ACTIVITY: Every line with "finally" in it must be copied from the data.

[Stored items]
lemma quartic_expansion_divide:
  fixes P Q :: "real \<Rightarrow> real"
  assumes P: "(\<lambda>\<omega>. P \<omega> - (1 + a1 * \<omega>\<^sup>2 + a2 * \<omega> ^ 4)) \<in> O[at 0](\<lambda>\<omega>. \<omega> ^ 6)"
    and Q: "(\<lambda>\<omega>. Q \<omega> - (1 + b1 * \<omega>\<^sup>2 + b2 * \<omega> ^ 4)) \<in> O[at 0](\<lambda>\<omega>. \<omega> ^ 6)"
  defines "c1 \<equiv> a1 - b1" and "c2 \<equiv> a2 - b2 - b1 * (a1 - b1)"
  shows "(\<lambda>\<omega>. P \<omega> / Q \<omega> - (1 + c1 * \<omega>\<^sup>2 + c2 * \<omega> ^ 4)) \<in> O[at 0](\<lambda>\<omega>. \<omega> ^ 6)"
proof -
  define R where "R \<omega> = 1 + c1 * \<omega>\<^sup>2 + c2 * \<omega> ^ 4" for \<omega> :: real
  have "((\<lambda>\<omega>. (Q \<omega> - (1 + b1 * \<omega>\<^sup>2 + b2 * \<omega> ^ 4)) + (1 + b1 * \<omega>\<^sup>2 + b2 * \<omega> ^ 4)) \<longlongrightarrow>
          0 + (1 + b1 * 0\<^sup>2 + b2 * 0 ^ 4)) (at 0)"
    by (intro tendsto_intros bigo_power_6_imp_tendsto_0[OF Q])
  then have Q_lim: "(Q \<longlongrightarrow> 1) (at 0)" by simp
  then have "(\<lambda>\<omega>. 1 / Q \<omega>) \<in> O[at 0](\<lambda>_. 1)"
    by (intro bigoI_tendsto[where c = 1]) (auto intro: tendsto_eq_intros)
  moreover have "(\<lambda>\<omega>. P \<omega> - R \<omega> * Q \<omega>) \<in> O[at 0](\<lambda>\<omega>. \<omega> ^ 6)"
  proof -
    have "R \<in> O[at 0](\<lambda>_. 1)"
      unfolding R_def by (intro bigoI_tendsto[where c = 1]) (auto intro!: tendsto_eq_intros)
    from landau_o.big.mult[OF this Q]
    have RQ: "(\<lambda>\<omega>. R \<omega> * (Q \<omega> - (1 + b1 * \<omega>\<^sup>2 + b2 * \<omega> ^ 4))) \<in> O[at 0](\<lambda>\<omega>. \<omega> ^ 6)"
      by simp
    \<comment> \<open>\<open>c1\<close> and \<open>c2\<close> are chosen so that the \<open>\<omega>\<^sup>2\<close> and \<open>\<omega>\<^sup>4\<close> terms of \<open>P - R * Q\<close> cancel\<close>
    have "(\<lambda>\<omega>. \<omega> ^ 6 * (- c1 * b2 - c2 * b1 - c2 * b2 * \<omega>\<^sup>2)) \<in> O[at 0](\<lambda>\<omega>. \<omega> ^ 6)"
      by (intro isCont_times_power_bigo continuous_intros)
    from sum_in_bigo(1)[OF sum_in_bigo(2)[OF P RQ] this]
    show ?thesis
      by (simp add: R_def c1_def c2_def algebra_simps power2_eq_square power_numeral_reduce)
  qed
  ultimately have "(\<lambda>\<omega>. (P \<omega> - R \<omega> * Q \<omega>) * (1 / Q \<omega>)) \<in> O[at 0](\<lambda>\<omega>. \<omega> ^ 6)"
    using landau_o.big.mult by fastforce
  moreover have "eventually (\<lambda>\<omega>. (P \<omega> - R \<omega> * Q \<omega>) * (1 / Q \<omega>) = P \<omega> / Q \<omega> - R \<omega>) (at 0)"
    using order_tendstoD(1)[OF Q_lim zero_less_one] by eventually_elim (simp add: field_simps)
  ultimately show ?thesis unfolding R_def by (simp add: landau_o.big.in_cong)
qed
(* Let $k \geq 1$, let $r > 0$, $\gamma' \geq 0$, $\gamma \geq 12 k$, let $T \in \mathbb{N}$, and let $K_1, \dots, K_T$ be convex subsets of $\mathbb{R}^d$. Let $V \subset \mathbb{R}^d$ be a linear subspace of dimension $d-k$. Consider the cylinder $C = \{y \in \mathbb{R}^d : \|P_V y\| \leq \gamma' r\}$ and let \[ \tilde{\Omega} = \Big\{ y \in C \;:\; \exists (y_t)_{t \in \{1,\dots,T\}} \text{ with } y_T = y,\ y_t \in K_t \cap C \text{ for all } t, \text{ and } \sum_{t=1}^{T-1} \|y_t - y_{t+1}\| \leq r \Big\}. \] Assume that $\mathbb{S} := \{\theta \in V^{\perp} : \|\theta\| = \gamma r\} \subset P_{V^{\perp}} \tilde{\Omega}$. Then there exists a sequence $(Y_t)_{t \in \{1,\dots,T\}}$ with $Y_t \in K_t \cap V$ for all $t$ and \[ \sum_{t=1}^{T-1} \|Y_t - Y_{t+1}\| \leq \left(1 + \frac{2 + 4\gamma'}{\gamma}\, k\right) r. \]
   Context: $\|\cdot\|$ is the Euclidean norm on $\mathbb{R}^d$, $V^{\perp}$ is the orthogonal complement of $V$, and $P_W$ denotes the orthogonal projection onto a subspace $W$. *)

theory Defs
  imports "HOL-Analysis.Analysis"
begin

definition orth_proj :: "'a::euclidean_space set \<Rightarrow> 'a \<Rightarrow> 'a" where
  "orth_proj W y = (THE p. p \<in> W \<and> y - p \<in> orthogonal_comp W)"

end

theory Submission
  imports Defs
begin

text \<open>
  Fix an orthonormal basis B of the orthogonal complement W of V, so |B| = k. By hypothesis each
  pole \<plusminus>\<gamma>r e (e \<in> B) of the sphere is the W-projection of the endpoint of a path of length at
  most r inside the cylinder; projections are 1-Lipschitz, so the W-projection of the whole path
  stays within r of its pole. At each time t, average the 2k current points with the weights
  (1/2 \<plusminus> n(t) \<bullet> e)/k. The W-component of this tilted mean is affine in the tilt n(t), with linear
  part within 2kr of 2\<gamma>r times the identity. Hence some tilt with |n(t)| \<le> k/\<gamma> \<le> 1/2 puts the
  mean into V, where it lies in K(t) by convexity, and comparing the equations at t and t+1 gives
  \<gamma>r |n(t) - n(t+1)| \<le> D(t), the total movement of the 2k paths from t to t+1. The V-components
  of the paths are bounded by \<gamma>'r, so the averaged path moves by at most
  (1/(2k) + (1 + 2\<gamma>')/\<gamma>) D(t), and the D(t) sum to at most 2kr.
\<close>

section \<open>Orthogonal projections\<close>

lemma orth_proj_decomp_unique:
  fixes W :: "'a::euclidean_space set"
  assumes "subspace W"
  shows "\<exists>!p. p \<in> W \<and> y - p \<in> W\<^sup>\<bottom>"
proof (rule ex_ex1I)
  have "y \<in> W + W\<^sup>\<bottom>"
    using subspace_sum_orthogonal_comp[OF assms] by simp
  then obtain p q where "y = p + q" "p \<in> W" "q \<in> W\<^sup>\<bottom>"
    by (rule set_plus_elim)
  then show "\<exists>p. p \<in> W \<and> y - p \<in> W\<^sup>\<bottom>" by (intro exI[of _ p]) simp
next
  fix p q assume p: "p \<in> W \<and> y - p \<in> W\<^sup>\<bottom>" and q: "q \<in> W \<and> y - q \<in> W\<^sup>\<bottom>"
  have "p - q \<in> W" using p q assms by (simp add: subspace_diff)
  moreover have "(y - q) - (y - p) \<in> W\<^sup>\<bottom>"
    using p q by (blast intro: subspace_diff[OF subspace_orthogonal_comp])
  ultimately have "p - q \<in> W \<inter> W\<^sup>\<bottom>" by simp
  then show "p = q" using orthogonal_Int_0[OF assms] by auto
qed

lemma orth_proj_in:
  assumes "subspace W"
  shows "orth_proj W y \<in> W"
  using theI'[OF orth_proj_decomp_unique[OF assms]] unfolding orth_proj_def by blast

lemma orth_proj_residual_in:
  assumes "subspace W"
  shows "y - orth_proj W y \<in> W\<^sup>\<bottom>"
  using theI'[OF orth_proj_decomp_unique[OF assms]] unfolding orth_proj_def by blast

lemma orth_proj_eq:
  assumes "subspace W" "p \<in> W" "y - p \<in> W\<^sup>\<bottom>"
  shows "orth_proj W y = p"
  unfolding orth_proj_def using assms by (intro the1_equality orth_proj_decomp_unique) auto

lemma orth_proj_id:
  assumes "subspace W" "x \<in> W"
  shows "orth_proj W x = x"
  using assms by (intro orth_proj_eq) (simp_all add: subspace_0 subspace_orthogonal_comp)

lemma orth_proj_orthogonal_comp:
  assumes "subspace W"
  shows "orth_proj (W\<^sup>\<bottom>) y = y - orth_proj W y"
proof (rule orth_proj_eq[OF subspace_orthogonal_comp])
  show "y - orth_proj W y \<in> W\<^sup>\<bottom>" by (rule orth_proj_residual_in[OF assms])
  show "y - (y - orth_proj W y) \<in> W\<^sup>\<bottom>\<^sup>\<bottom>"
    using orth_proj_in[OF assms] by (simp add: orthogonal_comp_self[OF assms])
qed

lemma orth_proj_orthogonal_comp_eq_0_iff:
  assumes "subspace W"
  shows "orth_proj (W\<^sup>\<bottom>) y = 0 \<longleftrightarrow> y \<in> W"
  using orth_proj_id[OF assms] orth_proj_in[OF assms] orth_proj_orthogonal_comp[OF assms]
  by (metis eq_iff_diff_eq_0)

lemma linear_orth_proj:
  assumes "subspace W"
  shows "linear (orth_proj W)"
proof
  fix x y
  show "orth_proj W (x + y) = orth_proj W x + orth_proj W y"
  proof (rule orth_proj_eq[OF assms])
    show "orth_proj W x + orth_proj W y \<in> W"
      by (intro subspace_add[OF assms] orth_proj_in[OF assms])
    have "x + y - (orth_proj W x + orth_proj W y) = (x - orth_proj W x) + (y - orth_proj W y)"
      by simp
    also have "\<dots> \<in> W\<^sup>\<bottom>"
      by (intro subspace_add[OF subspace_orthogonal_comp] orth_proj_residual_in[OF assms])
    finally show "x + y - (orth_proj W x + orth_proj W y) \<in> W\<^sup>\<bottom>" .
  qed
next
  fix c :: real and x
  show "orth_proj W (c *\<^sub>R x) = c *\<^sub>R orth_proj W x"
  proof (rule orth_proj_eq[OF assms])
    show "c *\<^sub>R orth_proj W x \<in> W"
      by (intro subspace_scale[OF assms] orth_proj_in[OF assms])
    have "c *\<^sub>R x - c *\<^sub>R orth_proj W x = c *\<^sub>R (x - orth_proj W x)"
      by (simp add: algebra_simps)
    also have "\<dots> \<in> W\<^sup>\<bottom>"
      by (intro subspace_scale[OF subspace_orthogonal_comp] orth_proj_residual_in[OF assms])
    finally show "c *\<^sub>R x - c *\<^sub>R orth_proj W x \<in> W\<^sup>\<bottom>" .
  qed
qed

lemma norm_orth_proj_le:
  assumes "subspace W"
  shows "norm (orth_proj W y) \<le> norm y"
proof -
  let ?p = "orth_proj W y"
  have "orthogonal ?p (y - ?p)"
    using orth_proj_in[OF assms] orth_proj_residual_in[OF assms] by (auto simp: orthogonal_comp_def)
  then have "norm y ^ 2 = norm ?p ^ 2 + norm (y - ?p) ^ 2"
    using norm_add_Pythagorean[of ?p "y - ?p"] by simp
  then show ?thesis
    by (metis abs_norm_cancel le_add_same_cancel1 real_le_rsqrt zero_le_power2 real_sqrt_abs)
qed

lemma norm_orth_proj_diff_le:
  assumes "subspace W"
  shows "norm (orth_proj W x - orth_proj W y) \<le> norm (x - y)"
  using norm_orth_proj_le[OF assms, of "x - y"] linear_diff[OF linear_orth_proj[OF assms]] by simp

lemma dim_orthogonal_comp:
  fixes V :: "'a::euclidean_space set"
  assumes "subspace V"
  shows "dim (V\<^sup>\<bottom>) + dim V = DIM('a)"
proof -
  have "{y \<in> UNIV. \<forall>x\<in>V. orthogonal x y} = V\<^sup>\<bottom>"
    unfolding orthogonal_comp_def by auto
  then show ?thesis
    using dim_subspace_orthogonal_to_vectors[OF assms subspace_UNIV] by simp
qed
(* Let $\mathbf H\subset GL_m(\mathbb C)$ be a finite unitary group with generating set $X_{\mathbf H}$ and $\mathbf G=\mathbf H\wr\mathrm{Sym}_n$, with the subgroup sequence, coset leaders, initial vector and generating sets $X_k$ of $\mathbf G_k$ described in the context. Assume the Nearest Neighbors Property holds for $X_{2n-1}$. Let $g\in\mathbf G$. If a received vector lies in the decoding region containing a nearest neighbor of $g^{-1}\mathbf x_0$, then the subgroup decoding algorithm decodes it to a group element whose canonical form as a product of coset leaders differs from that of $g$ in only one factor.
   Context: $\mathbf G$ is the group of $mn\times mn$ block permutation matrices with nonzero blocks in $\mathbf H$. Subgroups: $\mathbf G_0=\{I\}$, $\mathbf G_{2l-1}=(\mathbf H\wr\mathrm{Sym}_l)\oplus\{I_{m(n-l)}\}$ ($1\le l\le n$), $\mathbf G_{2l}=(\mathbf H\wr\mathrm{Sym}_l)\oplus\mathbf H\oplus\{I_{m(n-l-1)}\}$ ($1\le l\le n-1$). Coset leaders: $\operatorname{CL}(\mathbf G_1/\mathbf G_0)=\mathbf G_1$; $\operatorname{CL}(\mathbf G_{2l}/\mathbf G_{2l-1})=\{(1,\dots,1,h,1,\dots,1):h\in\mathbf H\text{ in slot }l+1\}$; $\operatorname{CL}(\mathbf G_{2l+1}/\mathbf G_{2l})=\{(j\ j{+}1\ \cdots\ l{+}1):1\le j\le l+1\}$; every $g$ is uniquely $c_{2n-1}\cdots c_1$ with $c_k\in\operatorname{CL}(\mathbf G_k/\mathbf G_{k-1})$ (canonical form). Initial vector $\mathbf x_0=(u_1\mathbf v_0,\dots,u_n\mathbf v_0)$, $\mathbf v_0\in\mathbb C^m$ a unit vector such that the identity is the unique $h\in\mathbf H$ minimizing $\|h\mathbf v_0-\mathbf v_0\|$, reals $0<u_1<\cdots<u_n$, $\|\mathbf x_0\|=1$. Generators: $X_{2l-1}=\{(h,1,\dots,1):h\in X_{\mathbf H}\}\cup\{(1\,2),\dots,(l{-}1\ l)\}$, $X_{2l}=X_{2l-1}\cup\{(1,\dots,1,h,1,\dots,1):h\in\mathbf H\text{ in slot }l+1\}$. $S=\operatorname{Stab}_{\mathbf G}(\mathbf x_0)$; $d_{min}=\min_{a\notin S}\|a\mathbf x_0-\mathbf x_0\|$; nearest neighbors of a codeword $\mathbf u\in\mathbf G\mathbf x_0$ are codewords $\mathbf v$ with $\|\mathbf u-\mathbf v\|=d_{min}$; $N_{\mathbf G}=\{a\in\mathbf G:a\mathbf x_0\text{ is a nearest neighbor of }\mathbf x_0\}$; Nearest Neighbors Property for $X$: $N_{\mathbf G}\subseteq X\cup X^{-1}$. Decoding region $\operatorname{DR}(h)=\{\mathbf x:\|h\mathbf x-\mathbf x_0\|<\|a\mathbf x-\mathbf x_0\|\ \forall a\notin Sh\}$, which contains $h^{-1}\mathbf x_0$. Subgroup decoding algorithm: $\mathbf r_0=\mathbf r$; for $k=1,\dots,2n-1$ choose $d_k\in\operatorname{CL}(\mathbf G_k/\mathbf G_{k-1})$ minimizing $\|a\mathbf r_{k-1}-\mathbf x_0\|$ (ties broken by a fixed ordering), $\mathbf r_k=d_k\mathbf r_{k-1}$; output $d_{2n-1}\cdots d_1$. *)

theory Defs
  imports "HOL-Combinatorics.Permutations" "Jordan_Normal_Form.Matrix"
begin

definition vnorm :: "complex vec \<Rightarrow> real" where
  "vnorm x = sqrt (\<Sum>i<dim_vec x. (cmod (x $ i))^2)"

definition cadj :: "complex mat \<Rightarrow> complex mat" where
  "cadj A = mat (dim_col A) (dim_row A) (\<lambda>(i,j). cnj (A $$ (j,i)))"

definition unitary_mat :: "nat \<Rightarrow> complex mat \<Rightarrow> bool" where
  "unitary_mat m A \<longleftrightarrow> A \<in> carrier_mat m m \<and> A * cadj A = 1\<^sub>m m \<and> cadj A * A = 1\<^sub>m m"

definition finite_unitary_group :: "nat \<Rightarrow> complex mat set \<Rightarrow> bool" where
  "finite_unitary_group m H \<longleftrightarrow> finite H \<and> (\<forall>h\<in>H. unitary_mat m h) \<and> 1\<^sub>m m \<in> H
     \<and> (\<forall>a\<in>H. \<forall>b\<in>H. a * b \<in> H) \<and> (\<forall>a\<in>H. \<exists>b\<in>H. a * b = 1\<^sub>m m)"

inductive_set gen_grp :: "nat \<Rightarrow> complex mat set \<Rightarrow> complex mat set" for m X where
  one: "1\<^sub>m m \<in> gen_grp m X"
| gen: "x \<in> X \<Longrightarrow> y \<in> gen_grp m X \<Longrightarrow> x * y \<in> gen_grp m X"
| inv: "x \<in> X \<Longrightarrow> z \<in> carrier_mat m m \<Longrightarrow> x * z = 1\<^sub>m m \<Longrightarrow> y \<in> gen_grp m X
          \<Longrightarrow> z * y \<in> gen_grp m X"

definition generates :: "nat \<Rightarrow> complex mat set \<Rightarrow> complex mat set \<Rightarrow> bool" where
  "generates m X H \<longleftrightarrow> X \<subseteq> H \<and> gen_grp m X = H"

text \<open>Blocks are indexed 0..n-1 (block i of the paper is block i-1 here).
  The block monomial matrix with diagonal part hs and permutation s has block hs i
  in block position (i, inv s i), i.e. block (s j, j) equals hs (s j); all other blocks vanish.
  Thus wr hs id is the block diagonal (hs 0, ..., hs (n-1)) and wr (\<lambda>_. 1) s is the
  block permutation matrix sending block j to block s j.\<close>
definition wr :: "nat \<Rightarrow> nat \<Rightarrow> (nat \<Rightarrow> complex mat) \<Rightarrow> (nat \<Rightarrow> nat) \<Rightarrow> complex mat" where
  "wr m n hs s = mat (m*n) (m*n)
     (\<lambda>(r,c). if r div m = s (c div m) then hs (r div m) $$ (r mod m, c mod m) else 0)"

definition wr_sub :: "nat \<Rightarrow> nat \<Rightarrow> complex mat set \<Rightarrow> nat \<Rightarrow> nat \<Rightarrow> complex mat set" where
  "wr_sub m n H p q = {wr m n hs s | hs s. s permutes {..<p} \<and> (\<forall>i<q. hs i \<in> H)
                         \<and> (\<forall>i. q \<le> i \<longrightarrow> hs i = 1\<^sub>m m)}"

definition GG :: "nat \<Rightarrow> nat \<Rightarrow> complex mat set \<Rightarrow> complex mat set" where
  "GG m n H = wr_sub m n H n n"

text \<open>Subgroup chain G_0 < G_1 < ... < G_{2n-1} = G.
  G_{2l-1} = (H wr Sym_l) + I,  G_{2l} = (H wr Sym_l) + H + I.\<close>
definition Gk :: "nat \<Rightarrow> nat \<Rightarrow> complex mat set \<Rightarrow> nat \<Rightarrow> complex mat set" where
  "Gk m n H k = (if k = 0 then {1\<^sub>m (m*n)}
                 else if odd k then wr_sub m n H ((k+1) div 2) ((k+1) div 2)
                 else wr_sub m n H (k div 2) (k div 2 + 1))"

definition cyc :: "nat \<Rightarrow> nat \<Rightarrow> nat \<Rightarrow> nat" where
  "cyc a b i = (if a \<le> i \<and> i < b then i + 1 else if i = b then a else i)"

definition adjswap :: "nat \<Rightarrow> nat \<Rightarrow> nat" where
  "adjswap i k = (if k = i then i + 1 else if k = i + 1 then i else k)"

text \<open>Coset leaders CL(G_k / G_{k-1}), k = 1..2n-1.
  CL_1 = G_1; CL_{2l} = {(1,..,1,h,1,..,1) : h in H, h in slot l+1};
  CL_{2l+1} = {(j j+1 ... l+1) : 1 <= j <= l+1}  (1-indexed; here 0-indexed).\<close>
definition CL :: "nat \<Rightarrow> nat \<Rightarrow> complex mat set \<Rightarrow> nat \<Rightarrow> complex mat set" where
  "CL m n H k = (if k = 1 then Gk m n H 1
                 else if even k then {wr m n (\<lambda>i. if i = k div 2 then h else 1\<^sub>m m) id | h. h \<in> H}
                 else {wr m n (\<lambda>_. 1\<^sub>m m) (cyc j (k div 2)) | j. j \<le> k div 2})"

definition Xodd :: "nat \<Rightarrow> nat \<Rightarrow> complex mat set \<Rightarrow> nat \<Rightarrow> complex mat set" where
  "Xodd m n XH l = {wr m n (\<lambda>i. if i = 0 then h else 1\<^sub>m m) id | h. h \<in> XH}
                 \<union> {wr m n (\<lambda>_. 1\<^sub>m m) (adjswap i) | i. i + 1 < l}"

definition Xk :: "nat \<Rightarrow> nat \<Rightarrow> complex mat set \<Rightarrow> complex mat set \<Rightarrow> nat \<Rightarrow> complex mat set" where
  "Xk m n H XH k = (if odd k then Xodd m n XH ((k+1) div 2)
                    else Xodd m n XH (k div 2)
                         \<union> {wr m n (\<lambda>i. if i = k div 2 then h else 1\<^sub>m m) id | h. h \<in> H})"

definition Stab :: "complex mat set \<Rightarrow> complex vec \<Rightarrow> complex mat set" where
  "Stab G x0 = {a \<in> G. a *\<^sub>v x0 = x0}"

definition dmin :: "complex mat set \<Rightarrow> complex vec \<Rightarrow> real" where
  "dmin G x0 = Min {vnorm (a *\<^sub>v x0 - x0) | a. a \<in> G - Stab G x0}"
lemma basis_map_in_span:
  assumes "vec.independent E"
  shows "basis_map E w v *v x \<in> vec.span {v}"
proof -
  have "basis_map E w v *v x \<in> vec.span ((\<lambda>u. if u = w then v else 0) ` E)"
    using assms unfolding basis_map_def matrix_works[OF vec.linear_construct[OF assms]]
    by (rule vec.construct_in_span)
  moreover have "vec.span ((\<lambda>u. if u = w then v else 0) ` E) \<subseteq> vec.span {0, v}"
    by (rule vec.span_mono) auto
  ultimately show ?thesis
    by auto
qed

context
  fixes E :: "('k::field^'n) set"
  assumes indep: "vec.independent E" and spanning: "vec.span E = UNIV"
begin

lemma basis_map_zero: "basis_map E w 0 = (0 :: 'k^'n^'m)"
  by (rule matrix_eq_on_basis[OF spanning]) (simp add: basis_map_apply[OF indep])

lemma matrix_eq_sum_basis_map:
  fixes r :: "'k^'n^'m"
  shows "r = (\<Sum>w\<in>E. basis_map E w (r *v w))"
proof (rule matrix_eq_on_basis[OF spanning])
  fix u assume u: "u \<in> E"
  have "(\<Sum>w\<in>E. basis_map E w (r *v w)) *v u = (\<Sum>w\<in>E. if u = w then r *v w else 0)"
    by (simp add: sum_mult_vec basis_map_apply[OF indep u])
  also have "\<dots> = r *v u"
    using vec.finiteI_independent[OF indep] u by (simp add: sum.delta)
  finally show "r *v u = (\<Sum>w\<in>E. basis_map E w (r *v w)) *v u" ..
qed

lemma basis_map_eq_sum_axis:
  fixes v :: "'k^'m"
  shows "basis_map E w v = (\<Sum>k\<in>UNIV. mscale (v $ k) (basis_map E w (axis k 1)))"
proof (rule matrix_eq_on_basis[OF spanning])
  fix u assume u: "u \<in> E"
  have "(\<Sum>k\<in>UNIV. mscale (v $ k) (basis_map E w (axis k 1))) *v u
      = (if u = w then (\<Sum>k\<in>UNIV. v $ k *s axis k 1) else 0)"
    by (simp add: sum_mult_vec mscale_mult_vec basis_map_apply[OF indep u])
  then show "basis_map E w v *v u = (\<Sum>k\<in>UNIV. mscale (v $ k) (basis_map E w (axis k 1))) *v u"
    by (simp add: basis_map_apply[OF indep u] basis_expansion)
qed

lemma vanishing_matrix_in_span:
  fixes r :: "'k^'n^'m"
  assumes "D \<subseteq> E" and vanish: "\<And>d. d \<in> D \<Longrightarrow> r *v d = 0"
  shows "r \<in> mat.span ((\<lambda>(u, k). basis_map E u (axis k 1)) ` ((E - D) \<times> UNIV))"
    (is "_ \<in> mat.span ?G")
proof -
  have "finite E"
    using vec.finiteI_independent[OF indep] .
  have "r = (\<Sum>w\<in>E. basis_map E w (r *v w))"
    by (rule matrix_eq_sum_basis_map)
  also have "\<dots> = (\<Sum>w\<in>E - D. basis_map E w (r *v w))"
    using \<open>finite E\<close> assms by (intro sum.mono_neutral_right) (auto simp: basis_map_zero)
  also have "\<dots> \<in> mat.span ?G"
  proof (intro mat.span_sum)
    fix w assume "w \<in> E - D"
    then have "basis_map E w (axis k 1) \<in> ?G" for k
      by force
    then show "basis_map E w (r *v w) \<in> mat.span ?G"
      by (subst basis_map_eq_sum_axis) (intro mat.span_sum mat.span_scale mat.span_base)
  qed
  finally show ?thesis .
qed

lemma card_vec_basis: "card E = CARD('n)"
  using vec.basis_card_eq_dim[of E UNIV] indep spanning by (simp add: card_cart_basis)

YOUR RESPONSE:
    finally show "x + y - (orth_proj W x + orth_proj W y) \<in> W\<^sup>\<bottom>" .
    finally show "c *\<^sub>R x - c *\<^sub>R orth_proj W x \<in> W\<^sup>\<bottom>" .
  finally show "r *v u = (\<Sum>w\<in>E. basis_map E w (r *v w)) *v u" ..
  finally show ?thesis .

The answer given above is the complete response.